WHAT YOU SHOULD DO: Take the data below and repeat it exactly.

EXCERPTED DATA:
lemma attenuation_increment_le:
  assumes g: "0 < g" and pq: "0 \<le> p" "p \<le> q"
  shows "attenuation g q - attenuation g p \<le> 8 * (q - p) / g"
proof (cases "2 * p \<le> q")
  case True
  have "attenuation g q \<le> q / g"
  proof (cases "q = 0")
    case False
    then have "0 < q" using pq by linarith
    then show ?thesis using exp_neg_le_inverse[of "g / q"] g by (simp add: attenuation_def)
  qed (simp add: attenuation_def)
  also have "\<dots> \<le> 8 * (q - p) / g" using True g pq by (intro divide_right_mono) auto
  finally show ?thesis using attenuation_nonneg[of g p] by linarith
next
  case False
  then have p: "0 < p" and q: "0 < q" using pq by auto
  define y where "y = g / p - g / q"
  \<comment> \<open>Here the difference is \<open>exp(-g/q) (1 - exp(-y)) \<le> exp(-g/q) y\<close> with \<open>y \<le> 2g(q-p)/q\<^sup>2\<close> as \<open>q < 2p\<close>,
    and \<open>s\<^sup>2 exp(-s) \<le> 4\<close> at \<open>s = g/q\<close> removes the dependence on \<open>q\<close>.\<close>
  have y: "y \<le> 2 * g * (q - p) / q\<^sup>2"
  proof -
    have "y = g * (q - p) / q * (1 / p)" using p q by (simp add: y_def field_simps)
    also have "\<dots> \<le> g * (q - p) / q * (2 / q)"
      using False p q g pq by (intro mult_left_mono) (auto simp: field_simps)
    finally show ?thesis by (simp add: power2_eq_square ac_simps)
  qed
  have "attenuation g q - attenuation g p = exp (- g / q) * (1 - exp (- y))"
    using p q by (simp add: attenuation_def y_def algebra_simps flip: exp_add)
  also have "\<dots> \<le> exp (- g / q) * y"
    using exp_ge_add_one_self[of "- y"] by (intro mult_left_mono) auto
  also have "\<dots> \<le> exp (- g / q) * (2 * g * (q - p) / q\<^sup>2)"
    using y by (intro mult_left_mono) auto
  also have "\<dots> = 2 * ((g / q)\<^sup>2 * exp (- (g / q))) * (q - p) / g"
    using g q by (simp add: field_simps power2_eq_square)
  also have "\<dots> \<le> 2 * 4 * (q - p) / g"
    using power2_mult_exp_neg_le_4[of "g / q"] g q pq
    by (intro divide_right_mono mult_right_mono mult_left_mono) auto
  finally show ?thesis by simp
qed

TASK RESULT:
lemma attenuation_increment_le:
  assumes g: "0 < g" and pq: "0 \<le> p" "p \<le> q"
  shows "attenuation g q - attenuation g p \<le> 8 * (q - p) / g"
proof (cases "2 * p \<le> q")
  case True
  have "attenuation g q \<le> q / g"
  proof (cases "q = 0")
    case False
    then have "0 < q" using pq by linarith
    then show ?thesis using exp_neg_le_inverse[of "g / q"] g by (simp add: attenuation_def)
  qed (simp add: attenuation_def)
  also have "\<dots> \<le> 8 * (q - p) / g" using True g pq by (intro divide_right_mono) auto
  finally show ?thesis using attenuation_nonneg[of g p] by linarith
next
  case False
  then have p: "0 < p" and q: "0 < q" using pq by auto
  define y where "y = g / p - g / q"
  \<comment> \<open>Here the difference is \<open>exp(-g/q) (1 - exp(-y)) \<le> exp(-g/q) y\<close> with \<open>y \<le> 2g(q-p)/q\<^sup>2\<close> as \<open>q < 2p\<close>,
    and \<open>s\<^sup>2 exp(-s) \<le> 4\<close> at \<open>s = g/q\<close> removes the dependence on \<open>q\<close>.\<close>
  have y: "y \<le> 2 * g * (q - p) / q\<^sup>2"
  proof -
    have "y = g * (q - p) / q * (1 / p)" using p q by (simp add: y_def field_simps)
    also have "\<dots> \<le> g * (q - p) / q * (2 / q)"
      using False p q g pq by (intro mult_left_mono) (auto simp: field_simps)
    finally show ?thesis by (simp add: power2_eq_square ac_simps)
  qed
  have "attenuation g q - attenuation g p = exp (- g / q) * (1 - exp (- y))"
    using p q by (simp add: attenuation_def y_def algebra_simps flip: exp_add)
  also have "\<dots> \<le> exp (- g / q) * y"
    using exp_ge_add_one_self[of "- y"] by (intro mult_left_mono) auto
  also have "\<dots> \<le> exp (- g / q) * (2 * g * (q - p) / q\<^sup>2)"
    using y by (intro mult_left_mono) auto
  also have "\<dots> = 2 * ((g / q)\<^sup>2 * exp (- (g / q))) * (q - p) / g"
    using g q by (simp add: field_simps power2_eq_square)
  also have "\<dots> \<le> 2 * 4 * (q - p) / g"
    using power2_mult_exp_neg_le_4[of "g / q"] g q pq
    by (intro divide_right_mono mult_right_mono mult_left_mono) auto
  finally show ?thesis by simp
qed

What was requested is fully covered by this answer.